[Records contained in a dataset]
● ● ●
lemma geometric_escape_superharmonic:
  assumes \<rho>: "0 \<le> \<rho>" "\<rho> \<le> 1"
    and drift: "j < k \<Longrightarrow> P k (k - 1) \<le> \<rho> * P k (k + 1)" and "k \<noteq> j"
  shows "step_mean (geometric_escape \<rho> j) k \<le> geometric_escape \<rho> j k"
proof (cases "k < j")
  case True
  then show ?thesis using row_sum[of k] by (simp add: sum_neighbours geometric_escape_def)
next
  case False
  define e where "e = nat (k - 1 - j)"
  have "nat (k - j) = Suc e" "nat (k + 1 - j) = Suc (Suc e)"
    using False \<open>k \<noteq> j\<close> by (simp_all add: e_def flip: Suc_nat_eq_nat_zadd1)
  then have h_values: "geometric_escape \<rho> j (k - 1) = \<rho> ^ e"
      "geometric_escape \<rho> j k = \<rho> ^ e * \<rho>" "geometric_escape \<rho> j (k + 1) = \<rho> ^ e * \<rho>\<^sup>2"
    using False \<open>k \<noteq> j\<close> by (simp_all add: geometric_escape_def e_def power2_eq_square)
  have "step_mean (geometric_escape \<rho> j) k
      = \<rho> ^ e * (P k (k - 1) + P k k * \<rho> + P k (k + 1) * \<rho>\<^sup>2)"
    unfolding sum_neighbours h_values by (simp add: algebra_simps)
  also have "\<dots> \<le> \<rho> ^ e * \<rho>"
  proof (rule mult_left_mono)
    have stay: "P k k = 1 - P k (k - 1) - P k (k + 1)"
      using row_sum[of k] by simp
    have "P k (k - 1) + P k k * \<rho> + P k (k + 1) * \<rho>\<^sup>2 - \<rho>
        = (1 - \<rho>) * (P k (k - 1) - \<rho> * P k (k + 1))"
      unfolding stay by (simp add: algebra_simps power2_eq_square)
    also have "\<dots> \<le> 0"
      using drift \<rho> False \<open>k \<noteq> j\<close> by (simp add: mult_nonneg_nonpos)
    finally show "P k (k - 1) + P k k * \<rho> + P k (k + 1) * \<rho>\<^sup>2 \<le> \<rho>" by simp
  qed (use \<rho> in simp)
  also have "\<dots> = geometric_escape \<rho> j k"
    by (simp add: h_values)
  finally show ?thesis .
qed

lemma step_mean_geometric_escape_target:
  "step_mean (geometric_escape \<rho> j) j = 1 - (1 - \<rho>) * P j (j + 1)"
  unfolding sum_neighbours using row_sum[of j] by (simp add: geometric_escape_def algebra_simps)

theorem transient_chain_if_drift:
  assumes \<rho>: "0 \<le> \<rho>" "\<rho> < 1"
    and drift: "\<And>k. k \<ge> 2 \<Longrightarrow> P k (k - 1) \<le> \<rho> * P k (k + 1)"
    and up: "\<And>j. j \<ge> 1 \<Longrightarrow> P j (j + 1) > 0"
  shows "transient_chain P"
proof (rule transient_chain_if_escape_functions)
  fix i :: int
  assume "i \<ge> 1"
  have "step_mean (geometric_escape \<rho> i) k \<le> geometric_escape \<rho> i k" if "k \<noteq> i" for k
    using \<rho> drift \<open>i \<ge> 1\<close> that by (intro geometric_escape_superharmonic) auto
  moreover have "step_mean (geometric_escape \<rho> i) i < 1"
    using \<rho> up[OF \<open>i \<ge> 1\<close>] by (simp add: step_mean_geometric_escape_target)
  ultimately show "\<exists>h. (\<forall>k. h k \<ge> 0) \<and> h i = 1 \<and> (\<forall>k. k \<noteq> i \<longrightarrow> step_mean h k \<le> h k) \<and>
               step_mean h i < 1"
    using \<rho> by (intro exI[of _ "geometric_escape \<rho> i"]) (auto simp: geometric_escape_def)
qed

end

lemma expectation_pair_weight_pmf_half:
  fixes g :: "real \<Rightarrow> real \<Rightarrow> real"
  shows "measure_pmf.expectation (pair_pmf (weight_pmf b \<epsilon> (1/2)) (weight_pmf b \<epsilon> (1/2))) (\<lambda>(u, w). g u w)
       = (g b b + g b \<epsilon> + g \<epsilon> b + g \<epsilon> \<epsilon>) / 4"
proof -
  let ?f = "\<lambda>x::bool. (b - \<epsilon>) * of_bool x + \<epsilon>"
  let ?coins = "pair_pmf (bernoulli_pmf (1/2)) (bernoulli_pmf (1/2))"
  have "pair_pmf (weight_pmf b \<epsilon> (1/2)) (weight_pmf b \<epsilon> (1/2))
      = map_pmf (\<lambda>(x, y). (?f x, ?f y)) ?coins"
    unfolding weight_pmf_def by (rule map_pair[symmetric])
  then have "measure_pmf.expectation (pair_pmf (weight_pmf b \<epsilon> (1/2)) (weight_pmf b \<epsilon> (1/2)))
      (\<lambda>(u, w). g u w) = measure_pmf.expectation ?coins (\<lambda>(x, y). g (?f x) (?f y))"
    by (simp add: integral_map_pmf split_def)
  also have "\<dots> = (\<Sum>a\<in>UNIV. (\<lambda>(x, y). g (?f x) (?f y)) a * pmf ?coins a)"
    by (rule integral_measure_pmf_real) auto
  also have "\<dots> = (g b b + g b \<epsilon> + g \<epsilon> b + g \<epsilon> \<epsilon>) / 4"
    by (simp add: UNIV_Times_UNIV[symmetric] UNIV_bool pmf_pair)
  finally show ?thesis .
qed

definition mh_ratio :: "real \<Rightarrow> int \<Rightarrow> int \<Rightarrow> real" where
  "mh_ratio \<theta> m y = (pi_geo y * q_rw \<theta> y m) / (pi_geo m * q_rw \<theta> m y)"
● ● ●
TASK OBJECTIVE -
What is needed is the data above, output in full and exactly as it stands.

RESPONSE TO THE EXERCISE -
lemma geometric_escape_superharmonic:
  assumes \<rho>: "0 \<le> \<rho>" "\<rho> \<le> 1"
    and drift: "j < k \<Longrightarrow> P k (k - 1) \<le> \<rho> * P k (k + 1)" and "k \<noteq> j"
  shows "step_mean (geometric_escape \<rho> j) k \<le> geometric_escape \<rho> j k"
proof (cases "k < j")
  case True
  then show ?thesis using row_sum[of k] by (simp add: sum_neighbours geometric_escape_def)
next
  case False
  define e where "e = nat (k - 1 - j)"
  have "nat (k - j) = Suc e" "nat (k + 1 - j) = Suc (Suc e)"
    using False \<open>k \<noteq> j\<close> by (simp_all add: e_def flip: Suc_nat_eq_nat_zadd1)
  then have h_values: "geometric_escape \<rho> j (k - 1) = \<rho> ^ e"
      "geometric_escape \<rho> j k = \<rho> ^ e * \<rho>" "geometric_escape \<rho> j (k + 1) = \<rho> ^ e * \<rho>\<^sup>2"
    using False \<open>k \<noteq> j\<close> by (simp_all add: geometric_escape_def e_def power2_eq_square)
  have "step_mean (geometric_escape \<rho> j) k
      = \<rho> ^ e * (P k (k - 1) + P k k * \<rho> + P k (k + 1) * \<rho>\<^sup>2)"
    unfolding sum_neighbours h_values by (simp add: algebra_simps)
  also have "\<dots> \<le> \<rho> ^ e * \<rho>"
  proof (rule mult_left_mono)
    have stay: "P k k = 1 - P k (k - 1) - P k (k + 1)"
      using row_sum[of k] by simp
    have "P k (k - 1) + P k k * \<rho> + P k (k + 1) * \<rho>\<^sup>2 - \<rho>
        = (1 - \<rho>) * (P k (k - 1) - \<rho> * P k (k + 1))"
      unfolding stay by (simp add: algebra_simps power2_eq_square)
    also have "\<dots> \<le> 0"
      using drift \<rho> False \<open>k \<noteq> j\<close> by (simp add: mult_nonneg_nonpos)
    finally show "P k (k - 1) + P k k * \<rho> + P k (k + 1) * \<rho>\<^sup>2 \<le> \<rho>" by simp
  qed (use \<rho> in simp)
  also have "\<dots> = geometric_escape \<rho> j k"
    by (simp add: h_values)
  finally show ?thesis .
qed

lemma step_mean_geometric_escape_target:
  "step_mean (geometric_escape \<rho> j) j = 1 - (1 - \<rho>) * P j (j + 1)"
  unfolding sum_neighbours using row_sum[of j] by (simp add: geometric_escape_def algebra_simps)

theorem transient_chain_if_drift:
  assumes \<rho>: "0 \<le> \<rho>" "\<rho> < 1"
    and drift: "\<And>k. k \<ge> 2 \<Longrightarrow> P k (k - 1) \<le> \<rho> * P k (k + 1)"
    and up: "\<And>j. j \<ge> 1 \<Longrightarrow> P j (j + 1) > 0"
  shows "transient_chain P"
proof (rule transient_chain_if_escape_functions)
  fix i :: int
  assume "i \<ge> 1"
  have "step_mean (geometric_escape \<rho> i) k \<le> geometric_escape \<rho> i k" if "k \<noteq> i" for k
    using \<rho> drift \<open>i \<ge> 1\<close> that by (intro geometric_escape_superharmonic) auto
  moreover have "step_mean (geometric_escape \<rho> i) i < 1"
    using \<rho> up[OF \<open>i \<ge> 1\<close>] by (simp add: step_mean_geometric_escape_target)
  ultimately show "\<exists>h. (\<forall>k. h k \<ge> 0) \<and> h i = 1 \<and> (\<forall>k. k \<noteq> i \<longrightarrow> step_mean h k \<le> h k) \<and>
               step_mean h i < 1"
    using \<rho> by (intro exI[of _ "geometric_escape \<rho> i"]) (auto simp: geometric_escape_def)
qed

end

lemma expectation_pair_weight_pmf_half:
  fixes g :: "real \<Rightarrow> real \<Rightarrow> real"
  shows "measure_pmf.expectation (pair_pmf (weight_pmf b \<epsilon> (1/2)) (weight_pmf b \<epsilon> (1/2))) (\<lambda>(u, w). g u w)
       = (g b b + g b \<epsilon> + g \<epsilon> b + g \<epsilon> \<epsilon>) / 4"
proof -
  let ?f = "\<lambda>x::bool. (b - \<epsilon>) * of_bool x + \<epsilon>"
  let ?coins = "pair_pmf (bernoulli_pmf (1/2)) (bernoulli_pmf (1/2))"
  have "pair_pmf (weight_pmf b \<epsilon> (1/2)) (weight_pmf b \<epsilon> (1/2))
      = map_pmf (\<lambda>(x, y). (?f x, ?f y)) ?coins"
    unfolding weight_pmf_def by (rule map_pair[symmetric])
  then have "measure_pmf.expectation (pair_pmf (weight_pmf b \<epsilon> (1/2)) (weight_pmf b \<epsilon> (1/2)))
      (\<lambda>(u, w). g u w) = measure_pmf.expectation ?coins (\<lambda>(x, y). g (?f x) (?f y))"
    by (simp add: integral_map_pmf split_def)
  also have "\<dots> = (\<Sum>a\<in>UNIV. (\<lambda>(x, y). g (?f x) (?f y)) a * pmf ?coins a)"
    by (rule integral_measure_pmf_real) auto
  also have "\<dots> = (g b b + g b \<epsilon> + g \<epsilon> b + g \<epsilon> \<epsilon>) / 4"
    by (simp add: UNIV_Times_UNIV[symmetric] UNIV_bool pmf_pair)
  finally show ?thesis .
qed

definition mh_ratio :: "real \<Rightarrow> int \<Rightarrow> int \<Rightarrow> real" where
  "mh_ratio \<theta> m y = (pi_geo y * q_rw \<theta> y m) / (pi_geo m * q_rw \<theta> m y)"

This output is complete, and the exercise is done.